BEGIN INPUT DATA

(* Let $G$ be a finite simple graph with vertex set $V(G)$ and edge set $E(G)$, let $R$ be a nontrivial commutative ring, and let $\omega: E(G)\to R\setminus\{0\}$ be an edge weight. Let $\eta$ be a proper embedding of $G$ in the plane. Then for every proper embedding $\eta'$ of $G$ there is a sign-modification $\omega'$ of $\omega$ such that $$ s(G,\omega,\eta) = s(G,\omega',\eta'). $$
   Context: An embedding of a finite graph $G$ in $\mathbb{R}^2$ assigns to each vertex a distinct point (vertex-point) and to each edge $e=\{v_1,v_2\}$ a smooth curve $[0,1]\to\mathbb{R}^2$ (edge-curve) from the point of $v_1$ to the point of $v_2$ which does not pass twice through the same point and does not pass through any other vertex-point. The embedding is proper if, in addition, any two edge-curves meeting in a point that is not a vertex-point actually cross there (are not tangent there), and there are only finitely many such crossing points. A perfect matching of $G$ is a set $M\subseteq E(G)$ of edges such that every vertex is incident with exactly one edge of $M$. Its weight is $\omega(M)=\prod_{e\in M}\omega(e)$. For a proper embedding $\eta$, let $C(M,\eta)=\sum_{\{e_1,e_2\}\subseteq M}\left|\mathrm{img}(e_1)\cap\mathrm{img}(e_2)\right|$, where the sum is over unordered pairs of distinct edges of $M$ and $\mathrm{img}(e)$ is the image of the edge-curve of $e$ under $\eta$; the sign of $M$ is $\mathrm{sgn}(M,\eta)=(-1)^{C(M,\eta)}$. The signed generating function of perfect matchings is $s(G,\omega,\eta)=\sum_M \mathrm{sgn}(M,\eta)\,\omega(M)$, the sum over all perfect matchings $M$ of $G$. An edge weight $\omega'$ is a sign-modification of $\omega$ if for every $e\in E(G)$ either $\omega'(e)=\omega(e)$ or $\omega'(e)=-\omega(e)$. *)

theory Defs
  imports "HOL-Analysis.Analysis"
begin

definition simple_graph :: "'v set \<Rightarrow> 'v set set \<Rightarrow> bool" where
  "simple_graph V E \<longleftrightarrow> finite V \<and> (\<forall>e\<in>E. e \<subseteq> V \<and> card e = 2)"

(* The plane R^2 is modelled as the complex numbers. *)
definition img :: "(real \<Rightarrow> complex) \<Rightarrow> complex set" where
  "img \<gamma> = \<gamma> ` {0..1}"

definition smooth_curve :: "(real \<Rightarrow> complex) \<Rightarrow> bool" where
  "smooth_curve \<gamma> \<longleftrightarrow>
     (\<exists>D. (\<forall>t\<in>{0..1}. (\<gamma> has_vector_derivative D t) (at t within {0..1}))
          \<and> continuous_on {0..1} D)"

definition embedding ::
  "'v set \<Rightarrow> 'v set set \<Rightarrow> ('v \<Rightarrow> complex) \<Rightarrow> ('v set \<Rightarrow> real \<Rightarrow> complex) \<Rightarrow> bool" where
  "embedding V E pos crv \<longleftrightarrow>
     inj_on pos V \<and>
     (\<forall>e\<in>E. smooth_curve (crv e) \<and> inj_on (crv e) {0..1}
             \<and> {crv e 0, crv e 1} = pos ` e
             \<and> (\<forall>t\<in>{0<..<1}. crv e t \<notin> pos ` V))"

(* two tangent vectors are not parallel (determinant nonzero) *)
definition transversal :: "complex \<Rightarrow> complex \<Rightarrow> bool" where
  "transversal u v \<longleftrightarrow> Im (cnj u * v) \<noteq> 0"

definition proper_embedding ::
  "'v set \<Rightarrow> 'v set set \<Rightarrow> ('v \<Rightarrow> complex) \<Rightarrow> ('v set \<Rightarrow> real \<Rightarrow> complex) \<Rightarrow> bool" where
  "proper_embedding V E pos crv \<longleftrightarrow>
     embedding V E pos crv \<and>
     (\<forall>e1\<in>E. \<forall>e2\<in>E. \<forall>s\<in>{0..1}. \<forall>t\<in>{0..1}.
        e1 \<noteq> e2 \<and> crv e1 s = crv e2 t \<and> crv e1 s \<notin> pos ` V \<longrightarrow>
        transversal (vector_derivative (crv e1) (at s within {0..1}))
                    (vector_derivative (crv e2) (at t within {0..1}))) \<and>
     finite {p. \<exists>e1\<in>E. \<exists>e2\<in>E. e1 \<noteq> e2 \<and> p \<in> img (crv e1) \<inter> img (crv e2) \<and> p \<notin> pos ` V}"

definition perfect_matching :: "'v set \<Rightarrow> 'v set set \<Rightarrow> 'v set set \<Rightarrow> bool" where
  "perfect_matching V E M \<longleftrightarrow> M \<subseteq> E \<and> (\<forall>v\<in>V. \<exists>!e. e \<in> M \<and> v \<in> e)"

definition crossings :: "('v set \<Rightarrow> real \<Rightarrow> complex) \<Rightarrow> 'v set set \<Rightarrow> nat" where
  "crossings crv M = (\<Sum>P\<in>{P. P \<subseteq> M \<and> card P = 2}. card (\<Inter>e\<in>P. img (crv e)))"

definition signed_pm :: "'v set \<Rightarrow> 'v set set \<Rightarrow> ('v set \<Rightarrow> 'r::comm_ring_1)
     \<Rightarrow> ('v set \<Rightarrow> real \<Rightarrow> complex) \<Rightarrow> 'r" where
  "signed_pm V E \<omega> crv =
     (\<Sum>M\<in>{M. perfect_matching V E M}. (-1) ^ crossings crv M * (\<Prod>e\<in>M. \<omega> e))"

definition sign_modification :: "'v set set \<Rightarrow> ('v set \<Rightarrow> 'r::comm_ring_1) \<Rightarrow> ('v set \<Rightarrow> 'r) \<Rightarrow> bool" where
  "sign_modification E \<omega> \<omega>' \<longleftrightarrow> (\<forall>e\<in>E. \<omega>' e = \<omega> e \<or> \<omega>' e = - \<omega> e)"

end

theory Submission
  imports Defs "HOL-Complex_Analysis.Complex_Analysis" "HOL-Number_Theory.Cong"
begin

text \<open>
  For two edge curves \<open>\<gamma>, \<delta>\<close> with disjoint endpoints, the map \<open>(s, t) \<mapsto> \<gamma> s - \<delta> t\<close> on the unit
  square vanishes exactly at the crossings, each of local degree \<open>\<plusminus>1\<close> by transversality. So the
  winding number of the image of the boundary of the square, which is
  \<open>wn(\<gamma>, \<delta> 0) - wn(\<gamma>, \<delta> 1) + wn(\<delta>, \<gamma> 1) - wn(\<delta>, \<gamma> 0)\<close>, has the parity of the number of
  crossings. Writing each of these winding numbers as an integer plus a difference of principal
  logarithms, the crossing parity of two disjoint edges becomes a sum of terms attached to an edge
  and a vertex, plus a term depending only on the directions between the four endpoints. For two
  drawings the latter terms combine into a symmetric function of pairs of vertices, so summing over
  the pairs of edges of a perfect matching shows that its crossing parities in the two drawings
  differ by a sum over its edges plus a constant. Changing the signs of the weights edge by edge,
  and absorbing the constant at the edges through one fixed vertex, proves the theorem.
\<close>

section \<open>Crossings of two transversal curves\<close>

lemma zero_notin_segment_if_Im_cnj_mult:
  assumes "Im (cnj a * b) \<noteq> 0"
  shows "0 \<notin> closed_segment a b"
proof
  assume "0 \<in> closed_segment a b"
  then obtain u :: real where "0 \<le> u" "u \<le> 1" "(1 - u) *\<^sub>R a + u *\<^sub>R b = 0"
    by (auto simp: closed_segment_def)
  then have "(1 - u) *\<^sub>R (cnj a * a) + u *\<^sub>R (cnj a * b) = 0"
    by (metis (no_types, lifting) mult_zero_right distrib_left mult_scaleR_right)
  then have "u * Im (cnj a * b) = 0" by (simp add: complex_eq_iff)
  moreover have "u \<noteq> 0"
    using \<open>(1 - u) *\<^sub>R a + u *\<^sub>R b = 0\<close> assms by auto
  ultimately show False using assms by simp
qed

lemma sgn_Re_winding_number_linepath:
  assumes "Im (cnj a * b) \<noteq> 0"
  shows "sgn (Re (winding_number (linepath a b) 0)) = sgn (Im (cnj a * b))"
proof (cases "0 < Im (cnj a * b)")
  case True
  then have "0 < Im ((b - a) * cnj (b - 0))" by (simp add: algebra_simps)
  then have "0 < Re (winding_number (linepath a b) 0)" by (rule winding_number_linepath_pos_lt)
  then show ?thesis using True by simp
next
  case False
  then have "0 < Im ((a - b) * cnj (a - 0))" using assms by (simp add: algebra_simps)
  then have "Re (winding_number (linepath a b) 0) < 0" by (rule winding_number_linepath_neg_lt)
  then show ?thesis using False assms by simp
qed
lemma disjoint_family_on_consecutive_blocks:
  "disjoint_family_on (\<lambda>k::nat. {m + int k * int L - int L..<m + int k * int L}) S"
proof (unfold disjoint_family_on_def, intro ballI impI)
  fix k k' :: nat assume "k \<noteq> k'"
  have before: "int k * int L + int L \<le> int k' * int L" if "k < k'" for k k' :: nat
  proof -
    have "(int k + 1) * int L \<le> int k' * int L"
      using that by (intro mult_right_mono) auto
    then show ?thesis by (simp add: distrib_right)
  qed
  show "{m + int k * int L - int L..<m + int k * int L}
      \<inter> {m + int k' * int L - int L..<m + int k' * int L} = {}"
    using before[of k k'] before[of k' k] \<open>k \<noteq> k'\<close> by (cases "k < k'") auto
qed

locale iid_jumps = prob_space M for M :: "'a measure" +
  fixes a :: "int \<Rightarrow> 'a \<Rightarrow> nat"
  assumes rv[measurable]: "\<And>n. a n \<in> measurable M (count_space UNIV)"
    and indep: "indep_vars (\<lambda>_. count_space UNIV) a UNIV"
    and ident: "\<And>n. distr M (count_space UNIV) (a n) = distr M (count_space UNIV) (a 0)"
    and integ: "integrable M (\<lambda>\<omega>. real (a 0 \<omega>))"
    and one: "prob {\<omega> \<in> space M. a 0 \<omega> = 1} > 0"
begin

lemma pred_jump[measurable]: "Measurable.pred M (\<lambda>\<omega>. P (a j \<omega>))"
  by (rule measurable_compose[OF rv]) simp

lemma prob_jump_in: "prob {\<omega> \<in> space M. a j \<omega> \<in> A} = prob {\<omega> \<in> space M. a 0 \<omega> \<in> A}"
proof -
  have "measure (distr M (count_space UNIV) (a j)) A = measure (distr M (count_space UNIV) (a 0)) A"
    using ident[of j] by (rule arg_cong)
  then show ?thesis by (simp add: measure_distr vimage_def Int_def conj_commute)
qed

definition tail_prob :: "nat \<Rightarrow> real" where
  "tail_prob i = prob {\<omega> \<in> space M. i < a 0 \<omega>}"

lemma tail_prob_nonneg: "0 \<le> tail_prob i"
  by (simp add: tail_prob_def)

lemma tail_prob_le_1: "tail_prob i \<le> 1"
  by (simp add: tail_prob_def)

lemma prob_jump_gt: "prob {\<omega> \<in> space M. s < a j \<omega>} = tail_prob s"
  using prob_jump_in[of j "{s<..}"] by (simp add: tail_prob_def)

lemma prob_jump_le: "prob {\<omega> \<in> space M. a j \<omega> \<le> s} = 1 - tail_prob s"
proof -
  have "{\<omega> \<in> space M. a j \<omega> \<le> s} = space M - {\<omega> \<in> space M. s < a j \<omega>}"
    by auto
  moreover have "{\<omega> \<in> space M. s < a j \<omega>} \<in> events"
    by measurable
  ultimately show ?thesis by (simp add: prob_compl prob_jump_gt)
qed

END INPUT DATA
BEGIN INPUT DATA

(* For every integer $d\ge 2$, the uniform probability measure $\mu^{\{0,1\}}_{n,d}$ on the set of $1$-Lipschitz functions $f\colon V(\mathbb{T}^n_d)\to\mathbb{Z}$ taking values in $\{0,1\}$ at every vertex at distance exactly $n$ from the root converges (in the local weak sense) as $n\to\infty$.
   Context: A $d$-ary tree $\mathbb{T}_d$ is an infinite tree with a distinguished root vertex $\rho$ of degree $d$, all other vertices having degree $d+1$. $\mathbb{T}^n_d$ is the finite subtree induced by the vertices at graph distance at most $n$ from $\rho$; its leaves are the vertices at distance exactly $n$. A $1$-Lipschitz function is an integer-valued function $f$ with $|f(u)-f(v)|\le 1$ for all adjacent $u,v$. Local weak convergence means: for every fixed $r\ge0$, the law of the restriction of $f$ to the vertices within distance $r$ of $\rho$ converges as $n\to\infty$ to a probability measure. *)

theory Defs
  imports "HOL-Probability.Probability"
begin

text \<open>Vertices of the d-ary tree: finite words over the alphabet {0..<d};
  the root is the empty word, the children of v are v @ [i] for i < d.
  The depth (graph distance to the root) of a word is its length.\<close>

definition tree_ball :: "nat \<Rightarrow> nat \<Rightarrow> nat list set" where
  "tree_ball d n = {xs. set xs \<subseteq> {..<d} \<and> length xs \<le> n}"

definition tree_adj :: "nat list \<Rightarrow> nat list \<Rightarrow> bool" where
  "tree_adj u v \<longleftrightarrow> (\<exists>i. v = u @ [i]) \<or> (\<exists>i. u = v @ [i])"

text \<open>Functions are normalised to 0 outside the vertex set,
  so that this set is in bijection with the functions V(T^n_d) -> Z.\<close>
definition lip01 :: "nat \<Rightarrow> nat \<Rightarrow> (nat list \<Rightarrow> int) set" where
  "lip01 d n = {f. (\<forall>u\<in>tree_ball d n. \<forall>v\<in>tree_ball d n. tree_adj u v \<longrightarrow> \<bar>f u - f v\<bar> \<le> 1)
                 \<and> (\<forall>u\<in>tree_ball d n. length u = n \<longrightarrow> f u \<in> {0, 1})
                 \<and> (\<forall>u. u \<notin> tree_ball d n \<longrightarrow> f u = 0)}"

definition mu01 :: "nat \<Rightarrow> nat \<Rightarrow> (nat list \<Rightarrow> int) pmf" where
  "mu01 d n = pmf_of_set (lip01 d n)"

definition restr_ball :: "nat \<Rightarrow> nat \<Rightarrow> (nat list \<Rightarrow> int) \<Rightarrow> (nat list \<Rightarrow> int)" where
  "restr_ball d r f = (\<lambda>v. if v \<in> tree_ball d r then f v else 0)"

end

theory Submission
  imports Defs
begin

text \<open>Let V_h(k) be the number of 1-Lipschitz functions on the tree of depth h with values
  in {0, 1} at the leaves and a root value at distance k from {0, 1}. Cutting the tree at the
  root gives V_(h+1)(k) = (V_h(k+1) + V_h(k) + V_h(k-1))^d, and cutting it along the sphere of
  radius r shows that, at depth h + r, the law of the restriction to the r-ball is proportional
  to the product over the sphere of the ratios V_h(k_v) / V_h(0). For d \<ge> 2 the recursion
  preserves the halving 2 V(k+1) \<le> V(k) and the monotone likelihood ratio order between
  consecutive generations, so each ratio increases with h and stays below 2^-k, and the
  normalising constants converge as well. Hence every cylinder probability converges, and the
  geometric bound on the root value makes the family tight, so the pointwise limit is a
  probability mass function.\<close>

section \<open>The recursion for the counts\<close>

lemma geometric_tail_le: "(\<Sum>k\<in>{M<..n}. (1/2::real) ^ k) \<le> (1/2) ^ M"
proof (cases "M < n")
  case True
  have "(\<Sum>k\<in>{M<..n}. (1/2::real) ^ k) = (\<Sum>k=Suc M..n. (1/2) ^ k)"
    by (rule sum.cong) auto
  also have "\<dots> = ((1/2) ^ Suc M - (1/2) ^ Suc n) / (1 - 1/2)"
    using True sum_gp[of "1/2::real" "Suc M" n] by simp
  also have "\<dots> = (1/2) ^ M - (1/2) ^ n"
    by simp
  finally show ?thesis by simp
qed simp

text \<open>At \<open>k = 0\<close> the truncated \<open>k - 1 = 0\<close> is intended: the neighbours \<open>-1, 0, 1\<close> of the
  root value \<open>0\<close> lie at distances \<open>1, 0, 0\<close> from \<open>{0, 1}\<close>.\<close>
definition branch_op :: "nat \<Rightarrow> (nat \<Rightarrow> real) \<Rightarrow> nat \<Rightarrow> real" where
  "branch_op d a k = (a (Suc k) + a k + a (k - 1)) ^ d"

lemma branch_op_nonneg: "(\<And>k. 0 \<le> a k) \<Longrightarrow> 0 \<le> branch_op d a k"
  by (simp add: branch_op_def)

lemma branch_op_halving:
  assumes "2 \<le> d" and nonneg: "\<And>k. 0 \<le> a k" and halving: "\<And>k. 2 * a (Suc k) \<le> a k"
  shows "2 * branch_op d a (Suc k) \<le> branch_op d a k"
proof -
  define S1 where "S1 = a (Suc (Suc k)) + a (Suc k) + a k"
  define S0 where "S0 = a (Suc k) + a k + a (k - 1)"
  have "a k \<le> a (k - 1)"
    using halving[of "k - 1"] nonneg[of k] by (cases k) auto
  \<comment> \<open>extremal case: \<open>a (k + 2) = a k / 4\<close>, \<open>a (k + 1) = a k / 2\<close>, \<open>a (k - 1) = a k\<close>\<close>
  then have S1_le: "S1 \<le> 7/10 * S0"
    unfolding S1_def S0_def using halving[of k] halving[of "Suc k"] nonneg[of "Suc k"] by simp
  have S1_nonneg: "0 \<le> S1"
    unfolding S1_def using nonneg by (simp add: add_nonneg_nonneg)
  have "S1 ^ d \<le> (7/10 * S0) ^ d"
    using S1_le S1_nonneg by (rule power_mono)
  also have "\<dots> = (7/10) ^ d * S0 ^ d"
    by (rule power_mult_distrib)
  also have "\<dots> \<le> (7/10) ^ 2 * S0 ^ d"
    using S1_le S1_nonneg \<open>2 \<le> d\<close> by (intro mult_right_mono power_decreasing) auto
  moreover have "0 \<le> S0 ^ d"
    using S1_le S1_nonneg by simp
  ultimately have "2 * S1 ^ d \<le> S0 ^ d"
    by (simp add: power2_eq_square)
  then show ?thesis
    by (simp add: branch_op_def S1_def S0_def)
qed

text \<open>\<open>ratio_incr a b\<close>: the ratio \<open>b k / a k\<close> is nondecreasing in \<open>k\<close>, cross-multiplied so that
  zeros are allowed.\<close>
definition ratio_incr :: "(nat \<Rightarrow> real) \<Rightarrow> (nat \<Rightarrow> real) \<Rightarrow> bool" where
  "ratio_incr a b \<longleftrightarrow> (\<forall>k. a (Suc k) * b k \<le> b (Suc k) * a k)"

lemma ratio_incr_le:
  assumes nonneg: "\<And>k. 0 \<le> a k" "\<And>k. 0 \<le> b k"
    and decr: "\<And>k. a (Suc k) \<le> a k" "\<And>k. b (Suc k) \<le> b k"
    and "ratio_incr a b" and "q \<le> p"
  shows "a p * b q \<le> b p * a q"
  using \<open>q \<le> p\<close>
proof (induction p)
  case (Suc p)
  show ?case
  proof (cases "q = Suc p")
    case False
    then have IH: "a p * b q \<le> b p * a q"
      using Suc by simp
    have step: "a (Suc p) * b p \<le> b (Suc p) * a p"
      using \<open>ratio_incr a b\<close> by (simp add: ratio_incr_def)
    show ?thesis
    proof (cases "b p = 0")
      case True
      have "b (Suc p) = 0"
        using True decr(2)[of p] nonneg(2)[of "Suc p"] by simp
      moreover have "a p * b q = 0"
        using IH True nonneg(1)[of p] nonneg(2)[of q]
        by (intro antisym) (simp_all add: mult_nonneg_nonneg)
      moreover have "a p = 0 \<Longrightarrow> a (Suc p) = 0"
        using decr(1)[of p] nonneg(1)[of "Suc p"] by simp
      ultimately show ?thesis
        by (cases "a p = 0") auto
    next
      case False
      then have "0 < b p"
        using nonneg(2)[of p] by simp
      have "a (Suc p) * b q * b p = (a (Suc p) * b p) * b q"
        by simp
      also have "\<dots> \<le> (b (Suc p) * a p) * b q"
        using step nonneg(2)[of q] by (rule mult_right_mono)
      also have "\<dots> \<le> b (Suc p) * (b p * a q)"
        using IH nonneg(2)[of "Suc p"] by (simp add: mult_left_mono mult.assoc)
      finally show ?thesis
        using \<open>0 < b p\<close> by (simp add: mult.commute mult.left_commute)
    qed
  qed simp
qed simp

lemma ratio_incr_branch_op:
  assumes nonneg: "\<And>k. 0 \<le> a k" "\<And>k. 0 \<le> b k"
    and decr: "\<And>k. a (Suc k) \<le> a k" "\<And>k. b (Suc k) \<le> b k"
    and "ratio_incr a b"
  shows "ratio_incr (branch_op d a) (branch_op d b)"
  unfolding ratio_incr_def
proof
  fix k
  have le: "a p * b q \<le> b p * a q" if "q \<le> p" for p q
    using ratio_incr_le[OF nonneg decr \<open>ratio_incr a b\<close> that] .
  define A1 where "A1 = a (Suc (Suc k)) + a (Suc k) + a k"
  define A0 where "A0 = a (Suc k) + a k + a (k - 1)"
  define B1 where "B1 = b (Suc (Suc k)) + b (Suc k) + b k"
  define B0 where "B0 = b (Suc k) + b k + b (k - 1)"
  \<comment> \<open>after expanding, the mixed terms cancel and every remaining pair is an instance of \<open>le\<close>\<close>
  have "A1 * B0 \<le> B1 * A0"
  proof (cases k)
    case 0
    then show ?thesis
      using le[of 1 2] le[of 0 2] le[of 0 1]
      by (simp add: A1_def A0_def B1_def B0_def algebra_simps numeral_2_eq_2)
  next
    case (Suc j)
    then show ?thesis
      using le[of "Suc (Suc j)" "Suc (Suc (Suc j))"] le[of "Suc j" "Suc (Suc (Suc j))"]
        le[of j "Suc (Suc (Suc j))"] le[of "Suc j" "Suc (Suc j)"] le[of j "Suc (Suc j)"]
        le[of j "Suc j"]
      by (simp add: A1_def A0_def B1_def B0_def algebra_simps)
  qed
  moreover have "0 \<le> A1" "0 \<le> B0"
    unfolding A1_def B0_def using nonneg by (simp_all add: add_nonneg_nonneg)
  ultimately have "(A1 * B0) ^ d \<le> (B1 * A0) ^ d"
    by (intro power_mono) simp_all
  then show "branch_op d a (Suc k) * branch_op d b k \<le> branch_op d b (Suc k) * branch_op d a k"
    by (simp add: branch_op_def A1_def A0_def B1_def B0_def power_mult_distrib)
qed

END INPUT DATA

Where in the records does the word "False" appear? Copy each line that holds it.

  ultimately show False using assms by simp
  case False
  then show ?thesis using False assms by simp
    case False
      case False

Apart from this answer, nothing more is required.